Аббероэт наконец посмотрел на него. Щелкнул пальцами. Чудовищная многоглазая голова поднялась над краем башни. Верховой страж-паук, один из сторожей верхнего яруса Замка, услышал безмолвный призыв мастера. Удивительно, как эта громадная туша умудрилась уместить свои восемь лап – каждая толще медвежьей – на узкой дорожке смотровой площадки.

Аббероэт легко, в два шага – услужливо подставленный коготь, затем толчок от мохнатого бока – взлетел на спину, уселся в узкое седло, взялся за поручень седла. Нетерпеливо сверкнул темными глазами.
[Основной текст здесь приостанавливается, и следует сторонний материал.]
definition join :: "('j::finite \<Rightarrow> 'i) \<Rightarrow> 'i \<Rightarrow> real^'j \<Rightarrow> real^'j \<Rightarrow> real^'j" where
  "join p \<nu> y w = (\<chi> j. if p j = \<nu> then y $ j else w $ j)"

definition strict_part :: "('a \<Rightarrow> 'a \<Rightarrow> bool) \<Rightarrow> 'a \<Rightarrow> 'a \<Rightarrow> bool" where
  "strict_part r a b \<longleftrightarrow> r a b \<and> \<not> r b a"

definition Us :: "('j::finite \<Rightarrow> 'i) \<Rightarrow> ('i \<Rightarrow> real^'j \<Rightarrow> real^'j \<Rightarrow> bool) \<Rightarrow> 'i \<Rightarrow> real^'j \<Rightarrow> (real^'j) set" where
  "Us p R \<nu> x = {y \<in> player_space p \<nu>.
      strict_part (R \<nu>) (join p \<nu> y x) (join p \<nu> (blk p \<nu> x) x)}"

text \<open>normal cone in the ambient space E (= R^m); E itself if A is empty\<close>
definition normal_cone :: "'a::real_inner set \<Rightarrow> 'a set \<Rightarrow> 'a \<Rightarrow> 'a set" where
  "normal_cone E A z = (if A = {} then E else {zs \<in> E. \<forall>y\<in>A. inner zs (y - z) \<le> 0})"

definition Nnu :: "('j::finite \<Rightarrow> 'i) \<Rightarrow> ('i \<Rightarrow> real^'j \<Rightarrow> real^'j \<Rightarrow> bool) \<Rightarrow> 'i \<Rightarrow> real^'j \<Rightarrow> (real^'j) set" where
  "Nnu p R \<nu> x = normal_cone (player_space p \<nu>) (Us p R \<nu> x) (blk p \<nu> x)"

definition unit_sphere_nu :: "('j::finite \<Rightarrow> 'i) \<Rightarrow> 'i \<Rightarrow> (real^'j) set" where
  "unit_sphere_nu p \<nu> = {y \<in> player_space p \<nu>. norm y = 1}"

definition Tmap :: "('j::finite \<Rightarrow> 'i) \<Rightarrow> ('i \<Rightarrow> real^'j \<Rightarrow> real^'j \<Rightarrow> bool) \<Rightarrow> real^'j \<Rightarrow> (real^'j) set" where
  "Tmap p R x = {z. \<forall>\<nu>. blk p \<nu> z \<in> convex hull (Nnu p R \<nu> x \<inter> unit_sphere_nu p \<nu>)}"

definition upper_hemicont :: "('a::topological_space \<Rightarrow> 'b::topological_space set) \<Rightarrow> bool" where
  "upper_hemicont F \<longleftrightarrow> (\<forall>x V. open V \<and> F x \<subseteq> V \<longrightarrow>
      (\<exists>W. open W \<and> x \<in> W \<and> W \<subseteq> {z. F z \<subseteq> V}))"

definition lower_hemicont :: "('a::topological_space \<Rightarrow> 'b::topological_space set) \<Rightarrow> bool" where
  "lower_hemicont F \<longleftrightarrow> (\<forall>x V. open V \<and> V \<inter> F x \<noteq> {} \<longrightarrow>
      (\<exists>W. open W \<and> x \<in> W \<and> W \<subseteq> {z. F z \<inter> V \<noteq> {}}))"

end

theory Submission
  imports Defs
begin

text \<open>
  The directions \<open>N\<^sub>\<nu>(x) \<inter> S\<^sub>\<nu>(0,1)\<close> form a map into a compact sphere with closed graph,
  hence an upper hemicontinuous one: lower hemicontinuity of \<open>U\<^sup>s\<^sub>\<nu>\<close> approximates every
  strictly preferred point at the limit by strictly preferred points at nearby arguments, where the
  normal inequality holds and passes to the limit. For compact-valued maps upper hemicontinuity is
  equivalent to its metric form (\<open>F x'\<close> lies in the \<open>\<epsilon>\<close>-neighbourhood of \<open>F x\<close> for \<open>x'\<close> near \<open>x\<close>),
  and the metric form survives convex hulls, since the \<open>\<epsilon>\<close>-neighbourhood of a convex set is convex,
  and the finite product over the players' blocks; this yields \<open>T\<close>. Finally \<open>U\<^sup>s\<^sub>\<nu>(x)\<close> never
  contains \<open>x\<^sup>\<nu>\<close> (strict preference is irreflexive), so when it is convex a hyperplane separating
  the two inside the nontrivial player space provides a unit normal vector.
\<close>

lemma subspace_player_space: "subspace (player_space p \<nu>)"
  unfolding subspace_def player_space_def by auto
Не задавая лишних вопросов, подмастерье забрался следом. Так изящно, как у мастера, у него не получилось. По правде сказать, у него никак не получилось – пауку надоело, и он забросил его второй задней лапой на спину. Унизительно, зато быстро.

– Держись крепче, Агриппа, – велел мастер. – У тебя была практика скоростного спуска?

– В каком смысле «скоростного»? – удивился Агриппа.

Паук затрусил по дорожке, набирая скорость.

– А зачем мы так разбегаемся, мастер? Разве мы не будем использовать направляющие нити?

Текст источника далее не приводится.